|By Dr Shakir Noori| Personal identity of the citizens has been a contentious issue for successive governments in Iraq. Recently, the government led by Prime Minister Haider Al Abadi introduced a new Act, providing for the issuance of a unified national card. The law has raked up a major controversy, especially among the marginalised minorities. To protest this Act, which was voted on October 27, 2015, deputies belonging to the minority communities have boycotted the meetings of parliament.
The law has caused concern among Christians and other non-Muslim minorities as it coerces children under 18 years to convert to Islam if one of the parents had been converted. (Article 26/2). In the past, official forms did not have a column for religion, but now it is mandatory to state the religion, which has created fear of discrimination.
Christians and other minorities believe that this law is extremely racist and harms national unity and the balance between communities, religious pluralism and the principle of mutual coexistence. There are many irritants about the law, including:
– The consolidated card code number (26) constitutes a flagrant violation and abuse of the human rights of non-Muslims, forcing them to convert.
– The law is a violation of the principles of democracy enshrined in international conventions, including the 1948 United Nations Declaration for the protection of human rights, of which Iraq is a signatory.
– The law contradicts the principles of the Iraqi Constitution, which provides for the protection of human rights and equality of all Iraqi people without discrimination.
– The law leads to division, hatred and rivalry among different sections of the Iraqi society and threatens peace.
– The law seeks to force migration and displacement of minorities in the new Iraqi nation.
The most important question is, how the Iraqi parliament approved such a law?
Christian MP Rafidain and other deputies from Yazidis, Sabeans, Shabak minorities say they had forcefully argued before the crucial vote that minor children should be allowed to continue with their respective faith until the age of 18, after which they should have the freedom to opt for the religion of their choice.
Article 26 of the uniform national card law, as approved by the House of Representatives, and enforced by the Ministry of Interior, provides that ‘a non-Muslim may switch his religion and the minor boys must embrace the Islamic faith of their parents”.
In a letter addressed to Salim Al Jubori, president of the House of Representatives, on September 13, Patriarch Raphael Louis Sacco had stressed the need for the unified national law to prudently deal with the issue of religious affiliation, especially with minors, so that they “are not obliged to convert to another religion.
He further stressed that the religious rights and freedom given to religious minorities are sacrosanct and cannot be compromised — not just in Iraq, but throughout the civilised world.
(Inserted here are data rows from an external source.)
lemma bridge_feasible_normalized:
  assumes "\<forall>xs\<in>bridges n N i j. w xs \<ge> 0" "sum w (bridges n N i j) > 0"
  shows "bridge_feasible n N i j
           (\<lambda>xs. if xs \<in> bridges n N i j then w xs / sum w (bridges n N i j) else 0)"
proof -
  have "is_prob (paths n N)
          (\<lambda>xs. if xs \<in> bridges n N i j then w xs / sum w (bridges n N i j) else 0)"
    using assms sum_normalized[OF finite_paths bridges_subset_paths] by (auto simp: is_prob_def)
  then show ?thesis
    unfolding bridge_feasible_def
    by (intro conjI ballI marginal_concentrated) (auto simp: bridges_def)
qed

lemma markov_meas_on_bridges:
  assumes "\<forall>k\<in>{1..n}. v k > 0" "xs \<in> bridges n N i j"
  shows "markov_meas b lam u v N xs = u i * v j * inverse lam ^ N * path_weight b N xs"
proof -
  have "xs \<in> paths n N" "xs ! 0 = i" "xs ! N = j"
    using assms(2) by (auto simp: bridges_def)
  then show ?thesis
    using markov_meas_eq_path_weight assms(1) paths_nth_in by (simp add: less_imp_neq[symmetric])
qed

lemma bridges_path_weight_pos:
  assumes "\<forall>i j. b i j \<ge> 0" "i \<in> {1..n}" "j \<in> {1..n}" "mpow n b N i j > 0"
  shows "sum (path_weight b N) (bridges n N i j) > 0"
proof -
  obtain xs where "xs \<in> bridges n N i j" "path_weight b N xs > 0"
    using mpow_pos_imp_path[OF assms] unfolding bridges_def by blast
  then show ?thesis
    using finite_subset[OF bridges_subset_paths finite_paths] path_weight_nonneg[OF assms(1)]
    by (intro sum_pos2) auto
qed

definition bridge_gibbs_law :: "(nat \<Rightarrow> nat \<Rightarrow> ereal) \<Rightarrow> nat \<Rightarrow> nat \<Rightarrow> nat \<Rightarrow> nat \<Rightarrow> nat list \<Rightarrow> real" where
  "bridge_gibbs_law U n N i j xs =
     (if xs \<in> bridges n N i j
      then exp_neg (path_cost U N xs) / (\<Sum>ys\<in>bridges n N i j. exp_neg (path_cost U N ys))
      else 0)"

lemma bridge_gibbs_law_cost:
  assumes "\<forall>i\<in>{1..n}. \<forall>j\<in>{1..n}. U i j \<ge> 0"
    and P_law: "\<forall>xs\<in>paths n N. P xs = bridge_gibbs_law U n N i j xs"
  shows "(\<forall>x\<in>paths n N. \<forall>y\<in>paths n N.
           x ! 0 = i \<and> x ! N = j \<and> y ! 0 = i \<and> y ! N = j
           \<and> path_cost U N x = path_cost U N y \<longrightarrow> P x = P y)
         \<and> (\<forall>x\<in>paths n N. x ! 0 = i \<and> x ! N = j
              \<and> (\<forall>y\<in>paths n N. y ! 0 = i \<and> y ! N = j \<longrightarrow> path_cost U N x \<le> path_cost U N y)
              \<longrightarrow> (\<forall>y\<in>paths n N. P y \<le> P x))"
proof (intro conjI ballI impI)
  fix x y assume "x \<in> paths n N" "y \<in> paths n N"
    "x ! 0 = i \<and> x ! N = j \<and> y ! 0 = i \<and> y ! N = j \<and> path_cost U N x = path_cost U N y"
  then show "P x = P y"
    using P_law by (simp add: bridge_gibbs_law_def bridges_def)
next
  fix x y assume x: "x \<in> paths n N" "x ! 0 = i \<and> x ! N = j
      \<and> (\<forall>y\<in>paths n N. y ! 0 = i \<and> y ! N = j \<longrightarrow> path_cost U N x \<le> path_cost U N y)"
    and y: "y \<in> paths n N"
  define Z where "Z = (\<Sum>ys\<in>bridges n N i j. exp_neg (path_cost U N ys))"
  have "Z \<ge> 0"
    unfolding Z_def by (intro sum_nonneg) (simp add: exp_neg_nonneg)
  have x_law: "P x = exp_neg (path_cost U N x) / Z"
    using x P_law by (simp add: bridge_gibbs_law_def bridges_def Z_def)
  show "P y \<le> P x"
  proof (cases "y \<in> bridges n N i j")
    case True
    then have "exp_neg (path_cost U N y) \<le> exp_neg (path_cost U N x)"
      using x y path_cost_nonneg[OF assms(1)] exp_neg_antimono by (simp add: bridges_def)
    then show ?thesis
      using True y P_law x_law \<open>Z \<ge> 0\<close> by (simp add: bridge_gibbs_law_def Z_def divide_right_mono)
  next
    case False
    then show ?thesis
      using y P_law x_law \<open>Z \<ge> 0\<close> exp_neg_nonneg by (simp add: bridge_gibbs_law_def)
  qed
qed

lemma rel_entropy_minimizer_eq_bridge_gibbs_law:
  fixes U :: "nat \<Rightarrow> nat \<Rightarrow> ereal" and u v :: "nat \<Rightarrow> real" and lam :: real
  assumes U_nonneg: "\<forall>i\<in>{1..n}. \<forall>j\<in>{1..n}. U i j \<ge> 0"
    and ends: "i \<in> {1..n}" "j \<in> {1..n}"
    and "N \<ge> 1" and path_ij: "mpow n (bmat U) N i j > 0"
    and u_pos: "\<forall>k\<in>{1..n}. u k > 0" and v_pos: "\<forall>k\<in>{1..n}. v k > 0"
    and u_eig: "(\<Sum>k=1..n. bmat U k j * u k) = lam * u j"
    and P_feasible: "bridge_feasible n N i j P"
    and P_min: "\<forall>Q. bridge_feasible n N i j Q
                  \<longrightarrow> rel_entropy (paths n N) P (markov_meas (bmat U) lam u v N)
                      \<le> rel_entropy (paths n N) Q (markov_meas (bmat U) lam u v N)"
  shows "\<forall>xs\<in>paths n N. P xs = bridge_gibbs_law U n N i j xs"
proof -
  let ?M = "markov_meas (bmat U) lam u v N"
  define A where "A = bridges n N i j"
  define w where "w = path_weight (bmat U) N"
  define Q where "Q = (\<lambda>xs. if xs \<in> A then w xs / sum w A else 0)"
  have b_nonneg: "\<forall>i j. bmat U i j \<ge> 0"
    by (simp add: bmat_nonneg)
  obtain k where "N = Suc k"
    using \<open>N \<ge> 1\<close> by (cases N) auto
  then have "lam > 0"
    using left_eigenvalue_pos[OF b_nonneg u_pos ends(2) u_eig] path_ij by blast
  then have c_pos: "u i * v j * inverse lam ^ N > 0"
    using u_pos v_pos ends by simp
  have M_on_A: "\<forall>xs\<in>A. ?M xs = u i * v j * inverse lam ^ N * w xs"
    using markov_meas_on_bridges[OF v_pos] by (simp add: A_def w_def)
  have w_nonneg: "\<forall>xs\<in>A. w xs \<ge> 0"
    using path_weight_nonneg[OF b_nonneg] by (simp add: w_def)
  have Z_pos: "sum w A > 0"
    using bridges_path_weight_pos[OF b_nonneg ends path_ij] by (simp add: A_def w_def)
  have "bridge_feasible n N i j Q"
    using bridge_feasible_normalized w_nonneg Z_pos unfolding Q_def A_def by blast
  then have "rel_entropy (paths n N) P ?M \<le> rel_entropy (paths n N) Q ?M"
    using P_min by blast
  moreover have "A \<subseteq> paths n N" "\<forall>xs\<in>paths n N - A. P xs = 0"
    using bridges_subset_paths bridge_feasible_vanishes[OF P_feasible ends] by (simp_all add: A_def)
  ultimately have "\<forall>xs\<in>paths n N. P xs = Q xs"
    unfolding Q_def
    using rel_entropy_minimizer_eq_normalized[OF finite_paths _ c_pos w_nonneg Z_pos M_on_A] P_feasible
    by (simp add: bridge_feasible_def is_prob_def)
  moreover have "w xs = exp_neg (path_cost U N xs)" if "xs \<in> A" for xs
    using that path_weight_bmat[OF U_nonneg] bridges_subset_paths[of n N i j]
    by (auto simp: A_def w_def)
  ultimately show ?thesis
    by (simp add: Q_def A_def bridge_gibbs_law_def cong: sum.cong)
qed
(* For every prime power $q$, the function $n\mapsto\varrho(n,q)$ (for integers $n\ge1$) is increasing, where $$\varrho(n,q):=\frac{f(n,q)}{\binom{n+1}{2}_q}.$$
   Context: $f(n,q)$ is the smallest size of a set of lines of $\mathrm{PG}(n,q)$ (the $n$-dimensional projective space over $\mathbb F_q$) such that every plane contains one of them ($f(1,q)=0$). $\binom{n+1}{2}_q=\frac{(q^{n+1}-1)(q^n-1)}{(q^2-1)(q-1)}$ is the number of lines of $\mathrm{PG}(n,q)$. *)

theory Defs
  imports Complex_Main "HOL-Library.Function_Algebras"
begin

text \<open>Vectors of F^(n+1), coordinates indexed by 0..n, as functions nat => F vanishing beyond n.\<close>
definition pvec :: "nat \<Rightarrow> (nat \<Rightarrow> 'a::field) set" where
  "pvec n = {v. \<forall>i>n. v i = 0}"

definition fscale :: "'a::field \<Rightarrow> (nat \<Rightarrow> 'a) \<Rightarrow> (nat \<Rightarrow> 'a)" where
  "fscale c v = (\<lambda>i. c * v i)"

text \<open>k-dimensional subspaces of F^(n+1), i.e. projective (k-1)-subspaces of PG(n,F).\<close>
definition psubs :: "nat \<Rightarrow> nat \<Rightarrow> (nat \<Rightarrow> 'a::field) set set" where
  "psubs n k = {S. S \<subseteq> pvec n \<and> module.subspace fscale S \<and> vector_space.dim fscale S = k}"

text \<open>Lines of PG(n,F) = 2-dim subspaces, planes = 3-dim subspaces.\<close>
definition fcov :: "'a::field itself \<Rightarrow> nat \<Rightarrow> nat" where
  "fcov _ n = (LEAST m. \<exists>L \<subseteq> (psubs n 2 :: (nat \<Rightarrow> 'a) set set).
       card L = m \<and> (\<forall>P \<in> (psubs n 3 :: (nat \<Rightarrow> 'a) set set). \<exists>l\<in>L. l \<subseteq> P))"
(* Let $n\geq 1$ and let $I$ be a nonempty subset of $[n]$. Then $PC^-_I=\bigcap_{i\in I}PC^-_{\{i\}}$ and $NC^-_I=\bigcap_{i\in I}NC^-_{\{i\}}$.
   Context: Boolean functions on $n$ variables are maps $f:\{0,1\}^n\to\{0,1\}$, variables indexed by $[n]=\{0,\dots,n-1\}$. For a nonempty $I\subseteq[n]$, $f$ is positively canalizing on $I$ if there is a function $\sigma:I\to\{0,1\}$ such that for all $x\in\{0,1\}^n$, if there exists $i\in I$ with $x_i\neq\sigma(i)$ then $f(x)=1$; negatively canalizing on $I$ is defined the same way with $f(x)=0$ in place of $f(x)=1$. $PC^-_I$ (resp. $NC^-_I$) is the set of nonconstant Boolean functions on $n$ variables that are positively (resp. negatively) canalizing on $I$. *)

theory Defs
  imports Main "HOL-Library.FuncSet"
begin

text \<open>Points of the Boolean cube on n variables indexed by {0..<n}: maps nat => bool
  that are False outside {0..<n}.\<close>

definition cube :: "nat \<Rightarrow> (nat \<Rightarrow> bool) set" where
  "cube n = {x. \<forall>i. n \<le> i \<longrightarrow> x i = False}"

definition boolfun :: "nat \<Rightarrow> ((nat \<Rightarrow> bool) \<Rightarrow> bool) set" where
  "boolfun n = cube n \<rightarrow>\<^sub>E (UNIV :: bool set)"

definition nonconstant :: "nat \<Rightarrow> ((nat \<Rightarrow> bool) \<Rightarrow> bool) \<Rightarrow> bool" where
  "nonconstant n f \<longleftrightarrow> (\<exists>x\<in>cube n. \<exists>y\<in>cube n. f x \<noteq> f y)"

definition canalizing_on :: "nat \<Rightarrow> bool \<Rightarrow> nat set \<Rightarrow> ((nat \<Rightarrow> bool) \<Rightarrow> bool) \<Rightarrow> bool" where
  "canalizing_on n b I f \<longleftrightarrow>
     (\<exists>\<sigma> :: nat \<Rightarrow> bool. \<forall>x\<in>cube n. (\<exists>i\<in>I. x i \<noteq> \<sigma> i) \<longrightarrow> f x = b)"

definition PCm :: "nat \<Rightarrow> nat set \<Rightarrow> ((nat \<Rightarrow> bool) \<Rightarrow> bool) set" where
  "PCm n I = {f \<in> boolfun n. nonconstant n f \<and> canalizing_on n True I f}"

definition NCm :: "nat \<Rightarrow> nat set \<Rightarrow> ((nat \<Rightarrow> bool) \<Rightarrow> bool) set" where
  "NCm n I = {f \<in> boolfun n. nonconstant n f \<and> canalizing_on n False I f}"

end

theory Submission
  imports Defs
begin

(* Canalizing on I only constrains each coordinate of I separately, so a canalizing
   assignment for I is assembled coordinatewise from canalizing values for the
   singletons {i}, by choice.  Nonemptiness of I is needed only because the
   intersection over an empty index set is everything. *)

lemma canalizing_on_singleton:
  "canalizing_on n b {i} f \<longleftrightarrow> (\<exists>s. \<forall>x\<in>cube n. x i \<noteq> s \<longrightarrow> f x = b)"
proof
  assume "canalizing_on n b {i} f"
  then obtain \<sigma> where "\<forall>x\<in>cube n. x i \<noteq> \<sigma> i \<longrightarrow> f x = b"
    unfolding canalizing_on_def by auto
  then show "\<exists>s. \<forall>x\<in>cube n. x i \<noteq> s \<longrightarrow> f x = b" by blast
next
  assume "\<exists>s. \<forall>x\<in>cube n. x i \<noteq> s \<longrightarrow> f x = b"
  then obtain s where "\<forall>x\<in>cube n. x i \<noteq> s \<longrightarrow> f x = b" by blast
  then show "canalizing_on n b {i} f"
    unfolding canalizing_on_def by (intro exI[of _ "\<lambda>_. s"]) simp
qed

lemma canalizing_on_iff_singletons:
  "canalizing_on n b I f \<longleftrightarrow> (\<forall>i\<in>I. canalizing_on n b {i} f)"
proof
  assume "canalizing_on n b I f"
  then obtain \<sigma> where \<sigma>: "\<forall>x\<in>cube n. (\<exists>i\<in>I. x i \<noteq> \<sigma> i) \<longrightarrow> f x = b"
    unfolding canalizing_on_def by blast
  show "\<forall>i\<in>I. canalizing_on n b {i} f"
  proof
    fix i assume "i \<in> I"
    with \<sigma> have "\<forall>x\<in>cube n. x i \<noteq> \<sigma> i \<longrightarrow> f x = b" by blast
    then show "canalizing_on n b {i} f"
      unfolding canalizing_on_singleton by blast
  qed
next
  assume "\<forall>i\<in>I. canalizing_on n b {i} f"
  then have "\<forall>i\<in>I. \<exists>s. \<forall>x\<in>cube n. x i \<noteq> s \<longrightarrow> f x = b"
    by (simp add: canalizing_on_singleton)
  then obtain \<sigma> where "\<forall>i\<in>I. \<forall>x\<in>cube n. x i \<noteq> \<sigma> i \<longrightarrow> f x = b"
    by (rule bchoice[THEN exE])
  then show "canalizing_on n b I f"
    unfolding canalizing_on_def by (intro exI[of _ \<sigma>]) blast
qed

lemma nonconstant_canalizing_eq_INT_singletons:
  assumes "I \<noteq> {}"
  shows "{f \<in> boolfun n. nonconstant n f \<and> canalizing_on n b I f} =
    (\<Inter>i\<in>I. {f \<in> boolfun n. nonconstant n f \<and> canalizing_on n b {i} f})"
  using assms by (auto simp: canalizing_on_iff_singletons[of n b I])

theorem mainTheorem5:
  fixes n :: nat and I :: "nat set"
  assumes "n \<ge> 1" and "I \<noteq> {}" and "I \<subseteq> {0..<n}"
  shows "PCm n I = (\<Inter>i\<in>I. PCm n {i}) \<and> NCm n I = (\<Inter>i\<in>I. NCm n {i})"
  unfolding PCm_def NCm_def
  by (intro conjI nonconstant_canalizing_eq_INT_singletons[OF \<open>I \<noteq> {}\<close>])

end
lemma dif_eqI: "(G has_derivative G') (at x) \<Longrightarrow> dif G x = G'"
  unfolding dif_def by (metis frechet_derivative_at)

lemma has_derivative_dif: "G differentiable (at x) \<Longrightarrow> (G has_derivative dif G x) (at x)"
  unfolding dif_def by (rule frechet_derivative_works[THEN iffD1])

lemma lorentz_dif_const:
  assumes "G differentiable (at x)" "\<And>y. lorentz (G y) c = k"
  shows "lorentz (dif G x h) c = 0"
  using has_derivative_const_fun_zero[OF
      has_derivative_lorentz[OF has_derivative_dif[OF assms(1)] has_derivative_const] assms(2)]
  by simp

lemma lorentz_dif_self:
  assumes "G differentiable (at x)" "\<And>y. lorentz (G y) (G y) = k"
  shows "lorentz (dif G x h) (G x) = 0"
  using has_derivative_const_fun_zero[OF
      has_derivative_lorentz[OF has_derivative_dif[OF assms(1)] has_derivative_dif[OF assms(1)]]
      assms(2)]
  by (simp add: lorentz_commute[of "G x"])

lemma immersion_H_lorentz_self: "immersion_H F \<Longrightarrow> lorentz (F x) (F x) = -1"
  by (simp add: immersion_H_def hyp_space_def)

lemma immersion_H_lorentz_dif_self:
  "immersion_H F \<Longrightarrow> lorentz (dif F x h) (F x) = 0"
  by (rule lorentz_dif_self) (auto simp: immersion_H_def hyp_space_def)

section \<open>Shape operators that are multiples of the identity\<close>

lemma shape_op_eq_scaleR:
  fixes F N :: "real^'n \<Rightarrow> 'n::finite lor"
  assumes F: "immersion_H F" and dN: "\<And>h. dif N x h = - (c *\<^sub>R dif F x h)"
  shows "shape_op F N x = (\<lambda>v. c *\<^sub>R v)"
  unfolding shape_op_def
proof (rule the_equality)
  have lin: "linear (dif F x)" and inj: "inj (dif F x)"
    using F has_derivative_linear[OF has_derivative_dif] by (auto simp: immersion_H_def)
  then show "linear (\<lambda>v. c *\<^sub>R v) \<and> (\<forall>v w. ind_metric F x (c *\<^sub>R v) w = sff F N x v w)"
    by (simp add: ind_metric_def sff_def dN linear_scale linear_scaleR)
  fix S
  assume S: "linear S \<and> (\<forall>v w. ind_metric F x (S v) w = sff F N x v w)"
  show "S = (\<lambda>v. c *\<^sub>R v)"
  proof
    fix v
    define u where "u = S v - c *\<^sub>R v"
    have "lorentz (dif F x u) (dif F x w) = 0" for w
      using S lin by (simp add: u_def ind_metric_def sff_def dN linear_diff linear_scale)
    then have "dif F x u = 0"
      using lorentz_pos_orthogonal_timelike[OF immersion_H_lorentz_self[OF F]
          immersion_H_lorentz_dif_self[OF F]] by fastforce
    then have "u = 0"
      using inj lin by (metis linear_0 injD)
    then show "S v = c *\<^sub>R v"
      by (simp add: u_def)
  qed
qed

lemma mean_curv_eq_scaleR:
  fixes F N :: "real^'n \<Rightarrow> 'n::finite lor"
  shows "shape_op F N x = (\<lambda>v. c *\<^sub>R v) \<Longrightarrow> mean_curv F N x = c * real CARD('n)"
  by (simp add: mean_curv_def trace_def matrix_def axis_def)


lemma principal_curvatures_eq_scaleR:
  assumes "shape_op F N x = (\<lambda>v. c *\<^sub>R v)"
  shows "principal_curvatures F N x = {c}"
proof -
  have "axis undefined (1::real) \<noteq> (0 :: real^'n)"
    by (simp add: axis_eq_0_iff)
  then show ?thesis
    unfolding principal_curvatures_def assms by auto
qed

section \<open>Immersions into a horosphere\<close>

definition horo_set :: "'n::finite lor \<Rightarrow> 'n lor set" where
  "horo_set v = {p \<in> hyp_space. lorentz p v = -1}"

lemma horosphere_iff:
  "horosphere S \<longleftrightarrow> (\<exists>v. lorentz v v = 0 \<and> time_part v > 0 \<and> S = horo_set v)"
  by (simp add: horosphere_def horo_set_def time_part_def)

lemma dim_span_timelike_null:
  fixes p v :: "'n::finite lor"
  assumes "lorentz p p = -1" "lorentz p v = -1" "lorentz v v = 0"
  shows "dim (span {p, v}) = 2"
proof -
  have "p \<notin> span {v}"
    using assms by (auto simp: span_singleton)
  moreover have "v \<noteq> 0" "p \<noteq> v"
    using assms by auto
  ultimately have "independent {p, v}"
    by (intro independent_insertI) (auto simp: independent_empty)
  then show ?thesis
    using dim_eq_card_independent[of "{p, v}"] \<open>p \<noteq> v\<close> by simp
qed

lemma dim_lorentz_orthogonal_horo:
  fixes p v :: "'n::finite lor"
  assumes pp: "lorentz p p = -1" and pv: "lorentz p v = -1" and vv: "lorentz v v = 0"
  shows "dim {w. lorentz w p = 0 \<and> lorentz w v = 0} = CARD('n)"
proof -
  define W where "W = {w. lorentz w p = 0 \<and> lorentz w v = 0}"
  define T where "T = span {p, v}"
  have vp: "lorentz v p = -1"
    using pv lorentz_commute by metis
  have subW: "subspace W"
    unfolding subspace_def W_def by simp
  have "u \<in> {a + b |a b. a \<in> W \<and> b \<in> T}" for u
  proof -
    define z where "z = (- lorentz u v) *\<^sub>R p + (lorentz u v - lorentz u p) *\<^sub>R v"
    have "u - z \<in> W"
      using pp pv vp vv by (simp add: W_def z_def algebra_simps)
    moreover have "z \<in> T"
      unfolding T_def z_def by (intro span_add span_scale span_base) auto
    ultimately show ?thesis
      by (metis (mono_tags, lifting) diff_add_cancel mem_Collect_eq)
  qed
  then have sum: "{a + b |a b. a \<in> W \<and> b \<in> T} = UNIV"
    by blast
  have int: "W \<inter> T = {0}"
  proof -
    have "y = 0" if "y \<in> W" "y \<in> T" for y
    proof -
      obtain k m where y: "y = k *\<^sub>R p + m *\<^sub>R v"
        using \<open>y \<in> T\<close> unfolding T_def span_insert span_singleton by (auto simp: algebra_simps)
      have "-k - m = 0" "-k = 0"
        using \<open>y \<in> W\<close> pp pv vp vv by (simp_all add: W_def y)
      then show ?thesis
        by (simp add: y)
    qed
    then show ?thesis
      using subW subspace_0 span_zero unfolding T_def by blast
  qed
  have "dim (UNIV :: 'n lor set) + dim (W \<inter> T) = dim W + dim T"
    using dim_sums_Int[OF subW, of T] sum by (simp add: T_def)
  moreover have "dim T = 2"
    unfolding T_def using dim_span_timelike_null[OF pp pv vv] .
  ultimately show ?thesis
    using int by (simp add: W_def)
qed

lemma range_dif_horo_immersion:
  fixes F :: "real^'n \<Rightarrow> 'n::finite lor"
  assumes F: "immersion_H F" and Fv: "\<And>y. lorentz (F y) v = -1" and vv: "lorentz v v = 0"
  shows "range (dif F x) = {w. lorentz w (F x) = 0 \<and> lorentz w v = 0}"
proof (rule subspace_dim_equal)
  have "F differentiable (at x)" and inj: "inj (dif F x)"
    using F by (auto simp: immersion_H_def)
  then have lin: "linear (dif F x)"
    using has_derivative_linear[OF has_derivative_dif] by blast
  then show "subspace (range (dif F x))"
    by (simp add: linear_subspace_image)
  show "subspace {w. lorentz w (F x) = 0 \<and> lorentz w v = 0}"
    unfolding subspace_def by simp
  show "range (dif F x) \<subseteq> {w. lorentz w (F x) = 0 \<and> lorentz w v = 0}"
    using immersion_H_lorentz_dif_self[OF F] lorentz_dif_const[OF \<open>F differentiable (at x)\<close> Fv]
    by auto
  show "dim {w. lorentz w (F x) = 0 \<and> lorentz w v = 0} \<le> dim (range (dif F x))"
    using dim_lorentz_orthogonal_horo[OF immersion_H_lorentz_self[OF F] Fv vv]
      dim_image_eq[OF lin, of UNIV] inj by simp
qed

lemma dif_horo_normal:
  assumes "F differentiable (at x)"
  shows "dif (\<lambda>y. c *\<^sub>R (v - F y)) x = (\<lambda>h. - (c *\<^sub>R dif F x h))"
proof (rule dif_eqI)
  have "((\<lambda>y. c *\<^sub>R (v - F y)) has_derivative (\<lambda>h. c *\<^sub>R (0 - dif F x h))) (at x)"
    by (intro has_derivative_scaleR_right has_derivative_diff has_derivative_const
        has_derivative_dif assms)
  then show "((\<lambda>y. c *\<^sub>R (v - F y)) has_derivative (\<lambda>h. - (c *\<^sub>R dif F x h))) (at x)"
    by simp
qed

lemma unit_normal_horo:
  assumes F: "immersion_H F" and Fv: "\<And>y. lorentz (F y) v = -1" and vv: "lorentz v v = 0"
    and cc: "c * c = 1"
  shows "unit_normal F (\<lambda>y. c *\<^sub>R (v - F y))"
  unfolding unit_normal_def
proof (intro allI conjI)
  fix x h
  have Fx: "F differentiable (at x)"
    using F by (simp add: immersion_H_def)
  have FF: "lorentz (F x) (F x) = -1" and vF: "lorentz v (F x) = -1"
    using immersion_H_lorentz_self[OF F] Fv lorentz_commute by metis+
  show "(\<lambda>y. c *\<^sub>R (v - F y)) differentiable (at x)"
    using Fx by (intro derivative_intros)
  show "lorentz (c *\<^sub>R (v - F x)) (c *\<^sub>R (v - F x)) = 1"
    using FF vF Fv[of x] vv cc by (simp add: algebra_simps)
  show "lorentz (c *\<^sub>R (v - F x)) (F x) = 0"
    using FF vF by simp
  show "lorentz (c *\<^sub>R (v - F x)) (dif F x h) = 0"
    using immersion_H_lorentz_dif_self[OF F] lorentz_dif_const[OF Fx Fv]
    by (simp add: lorentz_commute)
qed

lemma shape_op_horo_normal:
  assumes F: "immersion_H F"
  shows "shape_op F (\<lambda>y. c *\<^sub>R (v - F y)) x = (\<lambda>u. c *\<^sub>R u)"
  using F by (intro shape_op_eq_scaleR) (simp_all add: immersion_H_def dif_horo_normal)

lemma unit_normal_horo_decomp:
  assumes F: "immersion_H F" and Fv: "\<And>y. lorentz (F y) v = -1" and vv: "lorentz v v = 0"
    and N: "unit_normal F N"
  shows "N y = lorentz (N y) v *\<^sub>R (v - F y)"
proof -
  define w where "w = N y - lorentz (N y) v *\<^sub>R (v - F y)"
  have FF: "lorentz (F y) (F y) = -1" and vF: "lorentz v (F y) = -1"
    using immersion_H_lorentz_self[OF F] Fv lorentz_commute by metis+
  have NF: "lorentz (N y) (F y) = 0" and NdF: "\<And>h. lorentz (N y) (dif F y h) = 0"
    using N by (auto simp: unit_normal_def)
  have wF: "lorentz w (F y) = 0"
    using NF vF FF by (simp add: w_def algebra_simps)
  moreover have "lorentz w v = 0"
    using vv Fv[of y] by (simp add: w_def algebra_simps)
  ultimately obtain h where h: "w = dif F y h"
    using range_dif_horo_immersion[OF F Fv vv] by blast
  have "lorentz (dif F y h) v = 0" "lorentz (dif F y h) (F y) = 0"
    using range_dif_horo_immersion[OF F Fv vv, of y] by blast+
  then have "lorentz w (dif F y h) = 0"
    using NdF[of h] by (simp add: w_def lorentz_commute[of _ "dif F y h"])
  then have "w = 0"
    using lorentz_pos_orthogonal_timelike[OF FF wF] h by fastforce
  then show ?thesis
    by (simp add: w_def)
qed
Even in the Third World countries, minorities enjoy constitutional guarantees for their rights. Sacco asked the “members of parliament not to commit the historic blunder of deviating from the core principles of Islam and not to get caught up in political pressure and vested interests and cancel this paragraph”.
Throughout the history of Iraq, minorities in the multicultural country had been exposed to the ugliest methods of oppression and even genocide, as had happened to the Yazidis. Christians, Sabians and the Jews, who have been subjected to murder, displacement, captivity — especially of women — confiscation of property and forced conversion to Islam.
Former Iraqi president Saddam Hussain had safeguarded the rights of the minorities, but when the state was destroyed, religious minorities lost all protection in the militia system, which led to their exodus from the country. And since the emergence of Daesh (the self-proclaimed Islamic State of Iraq and the Levant), religious minorities have become victims of a sustained campaign of extermination.
It is true that most of the legislations since the Ottoman period sought to curtail the rights of minorities and integrate them into one religion or national identity. But all these legislations, including the new Iraqi constitution of 2005, had incorporated provisions to ensure that all religious, political, intellectual, cultural and other rights — regardless of gender, race, religion, belief, doctrine etc — remained integral and inviolable. It was a different matter that these texts mostly remained on paper and the politics on the ground hardly reflected their true intent.
The introduction of the new unified identity law has changed everything. The highly controversial legislation had been rejected by many institutions, including the United Nations Mission in Iraq, which denounced Article 26 as it constitutes “a clear encroachment” upon Christians and other minority rights and called for appropriate amendments. The unified identity card law is blatantly racist and runs against the spirit of Iraq’s national unity, religious pluralism and the principles of peaceful coexistence. It contradicts the tenets of Quran, which disapproves of coercion in the practice of religion.
As a result of the pressure, the Iraqi parliament, in its last meeting, decided to bring an amendment to Article 26 dealing with the “national card” for religious minorities, but an announcement about the change is yet to come about.